John e Sarah Barrett tinham duas filhas: Marjorie e Meredith, esta chamada por todos de Merry. Depois de dezenove anos trabalhando em uma fábrica, John ficara desempregado. Foi mais ou menos aí que as coisas começaram a desmoronar, mesmo que, à época, Merry ainda não tivesse percebido exatamente o que estava acontecendo. Ela tinha Marjorie, sua irmã, que criava e recriava histórias nas quais elas eram personagens, e isso a confortava e fazia com que ela se imaginasse como a irmã, no futuro. Mas Marjorie também começou a desmoronar, e foi quando as coisas começaram a ficar difíceis para Merry.

Marjorie estava começando a manifestar sinais do surto psicótico que a acometeria e, posteriormente, se elevaria à esquizofrenia, mas seu pai – que após ficar desempregado tinha retomado suas raízes católicas – não viu as coisas dessa maneira; ele começou a pensar que ela estivesse  possuída por um demônio. Linha de raciocínio que, no início do livro, é veementemente contestada por Sarah, sua esposa, que acreditava que a filha estivesse doente e precisasse de cuidados médicos, não de devaneios religiosos. Mas essa leitura  é-nos apresentada como uma interpretação tardia de Merry. Quando as coisas estavam estranhas, ela ainda não conseguia entender o que estava acontecendo, embora sentisse medo.

Para nós, leitores, o clima de falta de segurança, de medo e pavor se instaura quando Marjorie diz à irmã que entra em seu quarto toda noite e a observa enquanto ela dorme. “Na noite de ontem, apertei seu nariz até que sua boca pequena se abrisse para pegar ar.” A irmã mais nova tenta, de todas as maneiras que uma criança de oito anos é capaz, manter seu quarto seguro, mas a irmã mais velha sempre entra, e mexe com as coisas e com a cabeça de Merry, e isso acontece na mesma época em que a filha mais velha dos Barrett começa a mostrar claros sinais de que não está bem, falando coisas estranhas, vomitando do nada,  entre outros.

As informações sobre o real estado de Marjorie vão se desenhando aos poucos. Ela está se consultando com um psiquiatra, mas não parece estar melhorando e, mesmo contra o desejo de sua esposa, que esperava que o tratamento médico fizesse efeito, John começa a investir na ideia de que Padre Wanderly pudesse ajudá-los a lidar com a situação que, para o senhor Barrett, trata-se de possessão.
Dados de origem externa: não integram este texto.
lemma window_count_mono: "S \<subseteq> T \<Longrightarrow> window_count S n s \<le> window_count T n s"
  unfolding window_count_def by (rule card_mono) auto

lemma window_count_add:
  "window_count S n (s + t) = window_count S n s + window_count S (n + s) t"
proof -
  have "S \<inter> {n<..n+(s+t)} = (S \<inter> {n<..n+s}) \<union> (S \<inter> {n+s<..n+s+t})" by auto
  thus ?thesis unfolding window_count_def by (subst card_Un_disjoint[symmetric]) auto
qed

lemma window_count_one: "window_count S n 1 = (if Suc n \<in> S then 1 else 0)"
proof -
  have "{n<..n+1} = {Suc n}" by auto
  thus ?thesis by (simp add: window_count_def)
qed

lemma window_count_periodic_shift:
  assumes per: "\<And>k. k + M \<in> S \<longleftrightarrow> k \<in> S"
  shows "window_count S n M = window_count S 0 M"
proof (induction n)
  case (Suc n)
  have "window_count S n M + window_count S (n + M) 1 = window_count S n 1 + window_count S (Suc n) M"
    using window_count_add[of S n M 1] window_count_add[of S n 1 M] by simp
  moreover have "window_count S (n + M) 1 = window_count S n 1"
    using per[of "Suc n"] unfolding window_count_one by simp
  ultimately show ?case using Suc.IH by simp
qed simp

lemma window_count_periods:
  assumes per: "\<And>k. k + M \<in> S \<longleftrightarrow> k \<in> S"
  shows "window_count S n (q * M) = q * window_count S 0 M"
proof (induction q)
  case (Suc q)
  show ?case
    using window_count_add[of S n "q * M" M] window_count_periodic_shift[OF per] Suc.IH
    by (simp add: add.commute)
qed (simp add: window_count_def)

definition period_density :: "nat set \<Rightarrow> nat \<Rightarrow> real" where
  "period_density S M = real (window_count S 0 M) / real M"

lemma period_density_bounds: "0 \<le> period_density S M" "period_density S M \<le> 1"
  using window_count_le[of S 0 M] by (auto simp: period_density_def divide_le_eq_1)

lemma window_count_periodic_bounds:
  assumes per: "\<And>k. k + M \<in> S \<longleftrightarrow> k \<in> S" and M: "M > 0"
  shows "\<bar>real (window_count S n s) - period_density S M * s\<bar> \<le> M"
proof -
  define q r where "q = s div M" and "r = s mod M"
  have s: "s = q * M + r" and r: "r < M" using M by (simp_all add: q_def r_def)
  have count: "window_count S n s = q * window_count S 0 M + window_count S (n + q * M) r"
    using window_count_add[of S n "q * M" r] window_count_periods[OF per] s by simp
  have "period_density S M * s = q * window_count S 0 M + period_density S M * r"
    using M by (simp add: period_density_def s field_simps)
  hence "real (window_count S n s) - period_density S M * s
      = real (window_count S (n + q * M) r) - period_density S M * r"
    using count by simp
  moreover have "0 \<le> period_density S M * r" "period_density S M * r \<le> r"
    using period_density_bounds[of S M] by (simp_all add: mult_left_le_one_le)
  moreover have "real (window_count S (n + q * M) r) \<le> r" using window_count_le by simp
  ultimately show ?thesis using r by (simp add: abs_le_iff)
qed

lemma density_seq_window_count: "density_seq A N = real (window_count A 0 N) / real N"
proof -
  have "{0<..0+N} = {1..N}" by auto
  thus ?thesis by (simp add: density_seq_def window_count_def)
qed

lemma uniform_seq_window_count:
  "uniform_seq A s = real (Max (range (\<lambda>n. window_count A n s))) / real s"
proof -
  have "{card (A \<inter> {n<..n+s}) | n. True} = range (\<lambda>n. window_count A n s)"
    by (auto simp: window_count_def)
  thus ?thesis by (simp add: uniform_seq_def)
qed
lemma regime_solution_imp_regime_system:
  assumes "regime_params \<mu> \<sigma> r cbar b" and "1 \<le> n" and sol: "regime_solution \<mu> \<sigma> r cbar b n v"
  shows "\<exists>v' v''. regime_system \<mu> \<sigma> r cbar b n v v' v''"
proof -
  define admissible where "admissible i w \<longleftrightarrow> W2loc_all (v i) (fst w) (snd w) \<and>
     (AE x in lborel. x > 0 \<longrightarrow>
        min (- opL \<mu> \<sigma> r (v i x) (fst w x) (snd w x) - (cbar - real i * (cbar / real n)) * opT b (fst w x))
            (v i x - (if i = 0 then 0 else v (i - 1) x)) = 0)" for i w
  have "\<exists>w. i \<le> n \<longrightarrow> admissible i w" for i
  proof (cases "i \<le> n")
    case True
    then obtain p q where "admissible i (p, q)"
      using sol unfolding regime_solution_def admissible_def by auto
    then show ?thesis by blast
  qed simp
  then obtain w where w: "\<And>i. i \<le> n \<Longrightarrow> admissible i (w i)"
    using choice[of "\<lambda>i w. i \<le> n \<longrightarrow> admissible i w"] by blast
  have "regime_system \<mu> \<sigma> r cbar b n v (\<lambda>i. fst (w i)) (\<lambda>i. snd (w i))"
  proof (intro regime_system.intro regime_system_axioms.intro)
    show "regime_params \<mu> \<sigma> r cbar b" "1 \<le> n" by fact+
    fix i assume i: "i \<le> n"
    show "\<exists>B. \<forall>x\<ge>0. \<bar>v i x\<bar> \<le> B" "v i 0 = 0" using sol i unfolding regime_solution_def by blast+
    show "W21_loc (v i) (fst (w i)) (snd (w i))"
      using w[OF i] W2loc_all_imp_W21_loc unfolding admissible_def by blast
    show "AE x in lborel. x > 0 \<longrightarrow> min (- opL \<mu> \<sigma> r (v i x) (fst (w i) x) (snd (w i) x)
        - (cbar - real i * (cbar / real n)) * opT b (fst (w i) x)) (v i x - (if i = 0 then 0 else v (i - 1) x)) = 0"
      using w[OF i] unfolding admissible_def by blast
  qed
  then show ?thesis by blast
qed

theorem lemma5p10:
  fixes \<mu> \<sigma> r cbar b :: real
  assumes "\<sigma> > 0" and "r > 0" and "0 < cbar" and "cbar \<le> \<mu>" and "0 \<le> b" and "b \<le> 1"
    and "2 * \<mu> * cbar > \<sigma>^2 * r"
  shows "\<exists>K>0. \<forall>n::nat. \<forall>v. n \<ge> 1 \<longrightarrow> regime_solution \<mu> \<sigma> r cbar b n v \<longrightarrow>
           (\<forall>i\<in>{1..n}. \<forall>x\<ge>0.
              0 \<le> (v i x - v (i - 1) x) / (cbar / real n) \<and>
              (v i x - v (i - 1) x) / (cbar / real n) \<le> K)"
proof -
  interpret regime_params \<mu> \<sigma> r cbar b using assms(1-6) by unfold_locales
  have K: "0 < deriv_bound / r" using deriv_bound_ge_one r_pos by simp
  show ?thesis
  proof (intro exI[of _ "deriv_bound / r"] conjI K allI impI ballI)
    fix n v i and x :: real
    assume "1 \<le> n" "regime_solution \<mu> \<sigma> r cbar b n v" "i \<in> {1..n}" "0 \<le> x"
    then obtain v' v'' where "regime_system \<mu> \<sigma> r cbar b n v v' v''"
      using regime_solution_imp_regime_system regime_params_axioms by blast
    then interpret regime_system \<mu> \<sigma> r cbar b n v v' v'' .
    have i: "1 \<le> i" "i \<le> n" using \<open>i \<in> {1..n}\<close> by auto
    have "0 \<le> v i x - v (i - 1) x" using obstacle_le[OF i(2) \<open>0 \<le> x\<close>] i(1) by simp
    then show "0 \<le> (v i x - v (i - 1) x) / \<Delta>" using Delta_pos by (rule divide_nonneg_pos)
    have "v i x - v (i - 1) x \<le> deriv_bound / r * \<Delta>"
      using increment_le[OF i \<open>0 \<le> x\<close>] by (simp add: field_simps)
    then show "(v i x - v (i - 1) x) / \<Delta> \<le> deriv_bound / r"
      by (simp only: pos_divide_le_eq[OF Delta_pos])
  qed
qed

end
lemma abs_integral_diff_le_coupling:
  fixes f :: "'a::{metric_space, second_countable_topology} \<Rightarrow> real"
  assumes \<pi>: "\<pi> \<in> couplings \<mu> \<nu>" and sets: "sets \<mu> = sets borel" "sets \<nu> = sets borel"
    and integrable: "integrable \<mu> f" "integrable \<nu> f"
    and K: "K \<in> sets borel" "AE x in \<mu>. x \<in> K" "AE x in \<nu>. x \<in> K"
    and f: "L-lipschitz_on K f"
  shows "ennreal \<bar>(\<integral>x. f x \<partial>\<mu>) - (\<integral>x. f x \<partial>\<nu>)\<bar>
    \<le> ennreal L * (\<integral>\<^sup>+z. ennreal (dist (fst z) (snd z)) \<partial>\<pi>)"
proof -
  from \<pi> have sets_\<pi>: "sets \<pi> = sets (\<mu> \<Otimes>\<^sub>M \<nu>)"
    and marginals: "distr \<pi> \<mu> fst = \<mu>" "distr \<pi> \<nu> snd = \<nu>"
    unfolding couplings_def by auto
  have fst: "fst \<in> measurable \<pi> \<mu>" and snd: "snd \<in> measurable \<pi> \<nu>"
    using measurable_cong_sets[OF sets_\<pi> refl] by auto
  have "AE z in \<pi>. fst z \<in> K \<and> snd z \<in> K"
  proof -
    have "{x \<in> space \<mu>. x \<in> K} \<in> sets \<mu>" "{x \<in> space \<nu>. x \<in> K} \<in> sets \<nu>"
      using K(1) sets by (auto simp: Int_def[symmetric] Int_commute)
    then have "AE z in \<pi>. fst z \<in> K" "AE z in \<pi>. snd z \<in> K"
      using K(2,3) AE_distr_iff[OF fst, of "\<lambda>x. x \<in> K"] AE_distr_iff[OF snd, of "\<lambda>x. x \<in> K"]
        marginals by metis+
    then show ?thesis by eventually_elim simp
  qed
  have "ennreal \<bar>(\<integral>x. f x \<partial>\<mu>) - (\<integral>x. f x \<partial>\<nu>)\<bar> \<le> (\<integral>\<^sup>+z. ennreal \<bar>f (fst z) - f (snd z)\<bar> \<partial>\<pi>)"
    using integral_diff_eq_integral_coupling[OF \<pi> integrable]
    by (simp add: nn_integral_eq_integral integral_abs_bound ennreal_leI)
  also have "\<dots> \<le> (\<integral>\<^sup>+z. ennreal L * ennreal (dist (fst z) (snd z)) \<partial>\<pi>)"
    using \<open>AE z in \<pi>. fst z \<in> K \<and> snd z \<in> K\<close>
  proof (rule nn_integral_mono_AE[OF AE_mp, OF _ AE_I2], intro impI)
    fix z assume "fst z \<in> K \<and> snd z \<in> K"
    then show "ennreal \<bar>f (fst z) - f (snd z)\<bar> \<le> ennreal L * ennreal (dist (fst z) (snd z))"
      using lipschitz_onD[OF f] lipschitz_on_nonneg[OF f]
      by (simp add: ennreal_mult[symmetric] dist_real_def ennreal_leI)
  qed
  also have "\<dots> = ennreal L * (\<integral>\<^sup>+z. ennreal (dist (fst z) (snd z)) \<partial>\<pi>)"
  proof (intro nn_integral_cmult measurable_compose[OF _ measurable_ennreal] borel_measurable_dist)
    show "fst \<in> borel_measurable \<pi>" "snd \<in> borel_measurable \<pi>"
      using fst snd measurable_cong_sets[OF refl sets(1)] measurable_cong_sets[OF refl sets(2)] by auto
  qed
  finally show ?thesis .
qed
(* Averaging U rho U^dagger over the Pauli group, each Pauli acting as U (+) 1 on every qutrit, is a
   twirl onto the sector operators sum_i c_i nPi_i: only the traces tr(Pi_i rho) survive.  Hence after
   the first noisy gate the averaged state has this form, and every further averaged gate (noise
   followed by twirl) multiplies the coefficient vector by Q.  Averaging m gates therefore gives
   sum_i (Q^(m-1) v)_i nPi_i with v_j = tr(Pi_j Lambda(rho0)), so the state in the theorem is
   Lambda(rho0), a state by complete positivity.  The leakage and seepage rates follow by expanding
   Pi_l and nPi_l in the sector projectors and using trace preservation. *)

lemma sum_lists_length_Suc:
  "(\<Sum>xs\<in>{xs. length xs = Suc m \<and> set xs \<subseteq> A}. f xs)
    = (\<Sum>a\<in>A. \<Sum>xs\<in>{xs. length xs = m \<and> set xs \<subseteq> A}. f (a # xs))"
proof -
  have L: "{xs. length xs = k \<and> set xs \<subseteq> A} = {xs. set xs \<subseteq> A \<and> length xs = k}" for k by auto
  have "(\<Sum>xs\<in>{xs. set xs \<subseteq> A \<and> length xs = Suc m}. f xs)
      = (\<Sum>(xs, a)\<in>{xs. set xs \<subseteq> A \<and> length xs = m} \<times> A. f (a # xs))"
    unfolding lists_length_Suc_eq by (subst sum.reindex) (auto simp: inj_on_def split_def)
  also have "\<dots> = (\<Sum>xs\<in>{xs. set xs \<subseteq> A \<and> length xs = m}. \<Sum>a\<in>A. f (a # xs))"
    by (simp add: sum.cartesian_product)
  finally show ?thesis unfolding L by (simp add: sum.swap[of _ A])
qed

lemma sum_lists_length_prod_nth:
  fixes f :: "nat \<Rightarrow> 'a \<Rightarrow> 'b::comm_semiring_1"
  shows "(\<Sum>xs\<in>{xs. length xs = n \<and> set xs \<subseteq> A}. \<Prod>k<n. f k (xs ! k)) = (\<Prod>k<n. \<Sum>a\<in>A. f k a)"
proof (induction n arbitrary: f)
  case 0
  have "{xs. length xs = 0 \<and> set xs \<subseteq> A} = {[]}" by auto
  then show ?case by simp
next
  case (Suc n)
  have "(\<Sum>xs\<in>{xs. length xs = Suc n \<and> set xs \<subseteq> A}. \<Prod>k<Suc n. f k (xs ! k))
      = (\<Sum>a\<in>A. \<Sum>xs\<in>{xs. length xs = n \<and> set xs \<subseteq> A}. f 0 a * (\<Prod>k<n. f (Suc k) (xs ! k)))"
    unfolding sum_lists_length_Suc by (simp del: prod.lessThan_Suc add: prod.lessThan_Suc_shift)
  also have "\<dots> = (\<Sum>a\<in>A. f 0 a) * (\<Prod>k<n. \<Sum>a\<in>A. f (Suc k) a)"
    by (simp add: Suc.IH[of "\<lambda>k. f (Suc k)"] sum_distrib_left[symmetric] sum_distrib_right)
  also have "\<dots> = (\<Prod>k<Suc n. \<Sum>a\<in>A. f k a)"
    by (simp del: prod.lessThan_Suc add: prod.lessThan_Suc_shift)
  finally show ?case .
qed

lemma finite_basis: "finite (basis n)"
proof -
  have "basis n = {xs. set xs \<subseteq> {0, 1, 2} \<and> length xs = n}" unfolding basis_def by auto
  then show ?thesis using finite_lists_length_eq[of "{0, 1, 2::nat}" n] by simp
qed

lemma finite_idx: "finite (idx n)"
proof -
  have "(UNIV :: cl set) = {Cc, Ll}" using cl.exhaust by auto
  then have "finite (UNIV :: cl set)" by (metis finite.emptyI finite.insertI)
  then show ?thesis
    using finite_lists_length_eq[of "UNIV :: cl set" n] unfolding idx_def by simp
qed

lemma basis_nth: "x \<in> basis n \<Longrightarrow> k < n \<Longrightarrow> x ! k \<in> {0, 1, 2}"
  unfolding basis_def by (auto dest!: nth_mem)

definition sector :: "nat list \<Rightarrow> cl list" where
  "sector x = map (\<lambda>a. if a < 2 then Cc else Ll) x"

lemma sector_in_idx: "x \<in> basis n \<Longrightarrow> sector x \<in> idx n"
  unfolding basis_def idx_def sector_def by auto

lemma in_sector_iff_eq_sector:
  assumes "x \<in> basis n" "i \<in> idx n"
  shows "in_sector n i x \<longleftrightarrow> i = sector x"
proof -
  have len: "length x = n" "length i = n" using assms unfolding basis_def idx_def by auto
  have "(\<forall>k<n. (x ! k < 2) \<longleftrightarrow> i ! k = Cc) \<longleftrightarrow> i = sector x"
    using len unfolding sector_def list_eq_iff_nth_eq by (auto intro: cl.exhaust)
  then show ?thesis using assms(1) unfolding in_sector_def by blast
qed

lemma sector_eq_iff: "length x = length w \<Longrightarrow> sector x = sector w \<longleftrightarrow> (\<forall>k<length x. x ! k < 2 \<longleftrightarrow> w ! k < 2)"
  unfolding sector_def list_eq_iff_nth_eq by auto

lemma dimH_eq_sum: "of_nat (dimH n i) = (\<Sum>x\<in>basis n. if in_sector n i x then 1 else 0)"
proof -
  have "{x. in_sector n i x} = {x \<in> basis n. in_sector n i x}" by (auto simp: in_sector_def)
  then show ?thesis unfolding dimH_def by (simp add: sum.If_cases finite_basis Int_def)
qed

lemma dimH_eq_prod:
  assumes "i \<in> idx n"
  shows "dimH n i = (\<Prod>k<n. if i ! k = Cc then 2 else 1)"
proof -
  have "dimH n i = (\<Sum>x\<in>basis n. \<Prod>k<n. if x ! k < 2 \<longleftrightarrow> i ! k = Cc then 1 else 0)"
    unfolding dimH_eq_sum[where 'a = nat, simplified]
    by (intro sum.cong refl) (auto simp: in_sector_def prod_zero_iff)
  also have "\<dots> = (\<Prod>k<n. \<Sum>a\<in>{0, 1, 2::nat}. if a < 2 \<longleftrightarrow> i ! k = Cc then 1 else 0)"
    unfolding basis_def by (rule sum_lists_length_prod_nth)
  also have "\<dots> = (\<Prod>k<n. if i ! k = Cc then 2 else 1)"
    by (intro prod.cong refl) simp
  finally show ?thesis .
qed

lemma dimH_sector:
  assumes "x \<in> basis n"
  shows "dimH n (sector x) = (\<Prod>k<n. if x ! k < 2 then 2 else 1)"
proof -
  have "length x = n" using assms unfolding basis_def by simp
  then show ?thesis
    unfolding dimH_eq_prod[OF sector_in_idx[OF assms]] by (intro prod.cong) (auto simp: sector_def)
qed

lemma dimH_pos: "i \<in> idx n \<Longrightarrow> dimH n i > 0"
  by (simp add: dimH_eq_prod)

definition sector_comb :: "nat \<Rightarrow> (cl list \<Rightarrow> complex) \<Rightarrow> nat list op" where
  "sector_comb n c = (\<lambda>x y. \<Sum>i\<in>idx n. c i * nproj n i x y)"

lemma sector_comb_apply:
  assumes "x \<in> basis n"
  shows "sector_comb n c x y = (if x = y then c (sector x) / of_nat (dimH n (sector x)) else 0)"
proof -
  have "sector_comb n c x y = (\<Sum>i\<in>idx n. if i = sector x then c i * (if x = y then 1 / of_nat (dimH n i) else 0) else 0)"
    unfolding sector_comb_def nproj_def proj_def
    by (intro sum.cong refl) (auto simp: in_sector_iff_eq_sector[OF assms])
  then show ?thesis using sector_in_idx[OF assms] by (simp add: finite_idx)
qed

lemma sector_comb_outside: "\<not> (x \<in> basis n \<and> y \<in> basis n) \<Longrightarrow> sector_comb n c x y = 0"
  unfolding sector_comb_def nproj_def proj_def in_sector_def by (auto intro: sum.neutral)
Nesse contexto, engendrada pelo referido padre, aparece a oportunidade para tirá-los da situação financeira complicada em que  se encontravam: um reality show, chamado A Possessão, filmado na casa deles, contendo seis episódios, com o intuito de exibir, ao vivo (ou o mais próximo disso), o exorcismo de Marjorie.

O livro é narrado a partir de três perspectivas: duas correspondem ao presente e uma ao passado. Inicialmente, temos Meredith, no presente, revisitando sua casa de infância após quinze anos. Ela está acompanhada de Rachel, uma best-seller que estava escrevendo um livro não ficcional sobre a história da família Barret, e Merry será sua consultora criativa, isto é, vai lhe contar a história a partir do que sua memória guardou e recriou daqueles eventos. Em seguida, somos apresentados à Karen Brissette, uma blogueira apaixonada por histórias de terror que começou a escrever uma série de posts no blog sobre o programa que narrara a tragédia particular da família Barrett: A Possessão. Então somos colocados no contexto dos acontecimentos, que são narrados pela Merry com oito anos.  De certo modo, são narrados pela Meredith de 23 anos, mas com um estilo de contar que remonta às suas lembranças de oito anos.  No decorrer do texto, descobrimos que as três perspectivas narrativas são orquestradas por Meredith, que é a autora do blog de terror. As diversas vozes narrativas assumidas por Merry são análogas a uma de suas habilidades quando criança, a de imitar vozes.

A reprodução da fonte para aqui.